Dataset extract:
lemma measure_birkhoff_sum_unbounded_le:
  assumes "finite_measure M" and S: "measure_preserving_map M S" and B [measurable]: "B \<in> sets M"
    and c: "0 < c"
  shows "measure M {x \<in> space M. \<not> bdd_above (range (\<lambda>n. birkhoff_sum S (\<lambda>x. indicator B x - c) n x))}
    \<le> measure M B / c"
proof -
  interpret finite_measure M by fact
  have [measurable]: "S \<in> measurable M M" using S unfolding measure_preserving_map_def by simp
  define Q where "Q n = {x \<in> space M. 0 < max_birkhoff_sum S (\<lambda>x. indicator B x - c) n x}" for n
  have [measurable]: "Q n \<in> sets M" for n
    unfolding Q_def by (measurable, rule max_birkhoff_sum_measurable) measurable
  have "incseq Q"
    unfolding incseq_def Q_def using max_birkhoff_sum_mono by (fastforce intro: less_le_trans)
  then have "(\<lambda>n. measure M (Q n)) \<longlonglongrightarrow> measure M (\<Union>n. Q n)"
    by (intro finite_Lim_measure_incseq) auto
  moreover have "measure M (Q n) \<le> measure M B / c" for n
    using measure_max_birkhoff_sum_pos_le[OF assms(1) S B, of c n] c
    by (simp add: Q_def pos_le_divide_eq mult.commute)
  ultimately have bound: "measure M (\<Union>n. Q n) \<le> measure M B / c"
    by (intro LIMSEQ_le_const2) auto
  have cover: "{x \<in> space M. \<not> bdd_above (range (\<lambda>n. birkhoff_sum S (\<lambda>x. indicator B x - c) n x))}
      \<subseteq> (\<Union>n. Q n)"
  proof clarify
    fix x assume x: "x \<in> space M"
      and unbounded: "\<not> bdd_above (range (\<lambda>n. birkhoff_sum S (\<lambda>x. indicator B x - c) n x))"
    then have "\<not> (\<forall>n. birkhoff_sum S (\<lambda>x. indicator B x - c) n x \<le> 0)" by (auto intro: bdd_aboveI2)
    then obtain n where "0 < birkhoff_sum S (\<lambda>x. indicator B x - c) n x" by (auto simp: not_le)
    then have "0 < max_birkhoff_sum S (\<lambda>x. indicator B x - c) n x"
      using birkhoff_sum_le_max[of n n S _ x] by (blast intro: less_le_trans)
    with x show "x \<in> (\<Union>n. Q n)" unfolding Q_def by blast
  qed
  have "(\<Union>n. Q n) \<in> sets M" by measurable
  with cover bound show ?thesis using finite_measure_mono by (meson order_trans)
qed

lemma eventually_visit_count_le:
  assumes "bdd_above (range (\<lambda>n. birkhoff_sum S (\<lambda>x. indicator B x - c) n x))" and "c < r"
  shows "\<forall>\<^sub>F K in sequentially. real (card {k. k < K \<and> (S ^^ k) x \<in> B}) \<le> r * real K"
proof -
  obtain C where C: "\<And>n. birkhoff_sum S (\<lambda>x. indicator B x - c) n x \<le> C"
    using assms(1) by (auto simp: bdd_above_def)
  have "real (card {k. k < K \<and> (S ^^ k) x \<in> B}) \<le> r * real K" if "C / (r - c) \<le> real K" for K
  proof -
    have "real (card {k. k < K \<and> (S ^^ k) x \<in> B}) \<le> c * real K + C"
      using C[of K] by (simp add: birkhoff_sum_diff_const birkhoff_sum_indicator)
    moreover have "C \<le> r * real K - c * real K" using that assms(2) by (simp add: field_simps)
    ultimately show ?thesis by linarith
  qed
  moreover have "C / (r - c) \<le> real K" if "nat \<lceil>C / (r - c)\<rceil> \<le> K" for K
    using that real_nat_ceiling_ge[of "C / (r - c)"] of_nat_mono by (meson order_trans)
  ultimately show ?thesis unfolding eventually_sequentially by blast
qed

text \<open>The set where the Birkhoff sums of \<open>indicator B - c\<close> stay bounded above is invariant, and
  its complement has measure at most \<open>measure M B / c < 1\<close>; by ergodicity it is of full measure.\<close>
lemma ergodic_visits_upper_density:
  assumes "prob_space M" and S: "measure_preserving_map M S" and erg: "ergodic_map M S"
    and B [measurable]: "B \<in> sets M" and r: "measure M B < r"
  shows "AE x in M. \<forall>\<^sub>F K in sequentially. real (card {k. k < K \<and> (S ^^ k) x \<in> B}) \<le> r * real K"
proof -
  interpret prob_space M by fact
  have S_meas [measurable]: "S \<in> measurable M M"
    using S unfolding measure_preserving_map_def by simp
  obtain c where c: "measure M B < c" "c < r" using dense[OF r] by blast
  then have c_pos: "0 < c" using measure_nonneg[of M B] by linarith
  define L where "L = {x \<in> space M. bdd_above (range (\<lambda>n. birkhoff_sum S (\<lambda>x. indicator B x - c) n x))}"
  have [measurable]: "birkhoff_sum S (\<lambda>x. indicator B x - c) n \<in> borel_measurable M" for n
    by (rule birkhoff_sum_measurable) measurable
  have L [measurable]: "L \<in> sets M"
    unfolding L_def bdd_above_range_iff_nat by measurable
  have "S x \<in> L \<longleftrightarrow> x \<in> L" if "x \<in> space M" for x
    using that measurable_space[OF S_meas that] bdd_above_birkhoff_sum_iff[of S _ x]
    by (simp add: L_def)
  then have "S -` L \<inter> space M = L"
    using sets.sets_into_space[OF L] by blast
  then have L_01: "emeasure M L = 0 \<or> emeasure M L = 1"
    using erg L unfolding ergodic_map_def by blast
  have "space M - L = {x \<in> space M. \<not> bdd_above (range (\<lambda>n. birkhoff_sum S (\<lambda>x. indicator B x - c) n x))}"
    unfolding L_def by blast
  moreover have "measure M B / c < 1" using c c_pos by simp
  ultimately have "measure M (space M - L) < 1"
    using measure_birkhoff_sum_unbounded_le[OF _ S B c_pos] by simp
  with L_01 have "prob L = 1" using prob_compl[OF L] by (auto simp: emeasure_eq_measure)
  then have "AE x in M. x \<in> L" by (rule AE_prob_1)
  then show ?thesis
    by (rule eventually_mono) (auto simp: L_def intro: eventually_visit_count_le[OF _ c(2)])
qed

lemma ergodic_visits_lower_density:
  assumes "prob_space M" and S: "measure_preserving_map M S" and erg: "ergodic_map M S"
    and B [measurable]: "B \<in> sets M" and r: "r < measure M B"
  shows "AE x in M. \<forall>\<^sub>F K in sequentially. r * real K \<le> real (card {k. k < K \<and> (S ^^ k) x \<in> B})"
proof -
  interpret prob_space M by fact
  have S_meas: "S \<in> measurable M M" using S unfolding measure_preserving_map_def by simp
  have "measure M (space M - B) < 1 - r" using prob_compl[OF B] r by simp
  then have "AE x in M. \<forall>\<^sub>F K in sequentially.
      real (card {k. k < K \<and> (S ^^ k) x \<in> space M - B}) \<le> (1 - r) * real K"
    by (rule ergodic_visits_upper_density[OF assms(1) S erg sets.compl_sets[OF B]])
  then show ?thesis
  proof (rule AE_mp[OF _ AE_I2], intro impI)
    fix x assume x: "x \<in> space M"
      and ev: "\<forall>\<^sub>F K in sequentially. real (card {k. k < K \<and> (S ^^ k) x \<in> space M - B}) \<le> (1 - r) * real K"
    have compl_count: "real (card {k. k < K \<and> (S ^^ k) x \<in> space M - B})
        = real K - real (card {k. k < K \<and> (S ^^ k) x \<in> B})" for K
    proof -
      have "indicator (space M - B) ((S ^^ k) x) = 1 - (indicator B ((S ^^ k) x) :: real)" for k
        using measurable_space[OF measurable_compose_n[OF S_meas] x] by (simp add: indicator_def)
      then have "birkhoff_sum S (indicator (space M - B)) K x = real K - birkhoff_sum S (indicator B) K x"
        by (simp add: birkhoff_sum_def sum_subtractf)
      then show ?thesis by (simp only: birkhoff_sum_indicator)
    qed
    from ev show "\<forall>\<^sub>F K in sequentially. r * real K \<le> real (card {k. k < K \<and> (S ^^ k) x \<in> B})"
    proof eventually_elim
      case (elim K)
      then show ?case using compl_count[of K] by (simp add: algebra_simps)
    qed
  qed
qed

lemma ergodic_visits_frequently:
  assumes "prob_space M" and S: "measure_preserving_map M S" and erg: "ergodic_map M S"
    and B: "B \<in> sets M" and pos: "0 < measure M B"
  shows "AE x in M. \<exists>\<^sub>F i in sequentially. (S ^^ i) x \<in> B"
proof -
  have "AE x in M. \<forall>\<^sub>F K in sequentially.
      measure M B / 2 * real K \<le> real (card {k. k < K \<and> (S ^^ k) x \<in> B})"
    using pos by (intro ergodic_visits_lower_density[OF assms(1-4)]) simp
  then show ?thesis
  proof (rule eventually_mono)
    fix x
    assume ev: "\<forall>\<^sub>F K in sequentially. measure M B / 2 * real K \<le> real (card {k. k < K \<and> (S ^^ k) x \<in> B})"
    show "\<exists>\<^sub>F i in sequentially. (S ^^ i) x \<in> B"
    proof (rule ccontr)
      assume "\<not> (\<exists>\<^sub>F i in sequentially. (S ^^ i) x \<in> B)"
      then obtain m where m: "\<And>i. m \<le> i \<Longrightarrow> (S ^^ i) x \<notin> B"
        by (auto simp: not_frequently eventually_sequentially)
      have "{k. k < K \<and> (S ^^ k) x \<in> B} \<subseteq> {..<m}" for K
        using m not_le by blast
      then have card_le: "real (card {k. k < K \<and> (S ^^ k) x \<in> B}) \<le> m" for K
        using card_mono[OF finite_lessThan] by fastforce
      from ev have "\<forall>\<^sub>F K in sequentially. measure M B / 2 * real K \<le> real m"
      proof eventually_elim
        case (elim K)
        then show ?case using card_le[of K] by linarith
      qed
      moreover have "\<forall>\<^sub>F K in sequentially. real m < measure M B / 2 * real K"
      proof -
        obtain K0 :: nat where K0: "2 * real m / measure M B < K0"
          using reals_Archimedean2 by blast
        have "real m < measure M B / 2 * real K" if "K0 \<le> K" for K
        proof -
          have "2 * real m / measure M B < real K" using K0 that by linarith
          then show ?thesis using pos by (simp add: pos_divide_less_eq mult.commute)
        qed
        then show ?thesis unfolding eventually_sequentially by blast
      qed
      ultimately have "\<forall>\<^sub>F K in sequentially. False"
        by eventually_elim simp
      then show False by simp
    qed
  qed
qed

lemma real_distribution_quantile:
  assumes "real_distribution D" and d: "0 < d" "d < 1"
  shows "\<exists>s. measure D {..<s} \<le> d \<and> d \<le> cdf D s"
proof -
  interpret real_distribution D by fact
  define S where "S = {t. d \<le> cdf D t}"
  have "\<forall>\<^sub>F t in at_top. d < cdf D t"
    using order_tendstoD(1)[OF cdf_lim_at_top_prob d(2)] .
  then obtain t0 where "\<And>t. t0 \<le> t \<Longrightarrow> d < cdf D t"
    unfolding eventually_at_top_linorder by blast
  then have "t0 \<in> S" unfolding S_def by (simp add: less_imp_le)
  then have S_ne: "S \<noteq> {}" by blast
  have "\<forall>\<^sub>F t in at_bot. cdf D t < d"
    using order_tendstoD(2)[OF cdf_lim_at_bot d(1)] .
  then obtain b where b: "\<And>t. t \<le> b \<Longrightarrow> cdf D t < d" unfolding eventually_at_bot_linorder by blast
  have "b \<le> t" if "t \<in> S" for t
  proof (rule ccontr)
    assume "\<not> b \<le> t"
    then have "cdf D t < d" using b by simp
    with that show False unfolding S_def by simp
  qed
  then have S_bdd: "bdd_below S" by (intro bdd_belowI)
  define s where "s = Inf S"
  have above: "d \<le> cdf D t" if "s < t" for t
  proof -
    from that have "\<exists>t'\<in>S. t' < t" unfolding s_def by (simp add: cInf_less_iff[OF S_ne S_bdd])
    then obtain t' where "t' \<in> S" "t' < t" ..
    then show ?thesis using cdf_nondecreasing[of t' t] unfolding S_def by simp
  qed
  have "\<forall>\<^sub>F t in at_right s. d \<le> cdf D t"
    using eventually_at_right_less[of s] by (rule eventually_mono) (rule above)
  moreover have "(cdf D \<longlongrightarrow> cdf D s) (at_right s)"
    using cdf_is_right_cont[of s] by (simp add: continuous_within)
  ultimately have "d \<le> cdf D s"
    using trivial_limit_at_right_real[of s] by (blast intro: tendsto_lowerbound)
  have below: "cdf D t \<le> d" if "t < s" for t
  proof (rule ccontr)
    assume "\<not> cdf D t \<le> d"
    then have "s \<le> t" using cInf_lower[OF _ S_bdd, of t] unfolding s_def S_def by simp
    with that show False by simp
  qed
  have "\<forall>\<^sub>F t in at_left s. t \<in> {s - 1<..<s}" by (rule eventually_at_left_real) simp
  then have "\<forall>\<^sub>F t in at_left s. cdf D t \<le> d" by (rule eventually_mono) (simp add: below)
  then have "measure D {..<s} \<le> d"
    using cdf_at_left[of s] trivial_limit_at_left_real[of s] by (blast intro: tendsto_upperbound)
  with \<open>d \<le> cdf D s\<close> show ?thesis by blast
qed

Work to complete: Please show each line in the records above that contains "subseteq".

Output for this task:
      \<subseteq> (\<Union>n. Q n)"
      have "{k. k < K \<and> (S ^^ k) x \<in> B} \<subseteq> {..<m}" for K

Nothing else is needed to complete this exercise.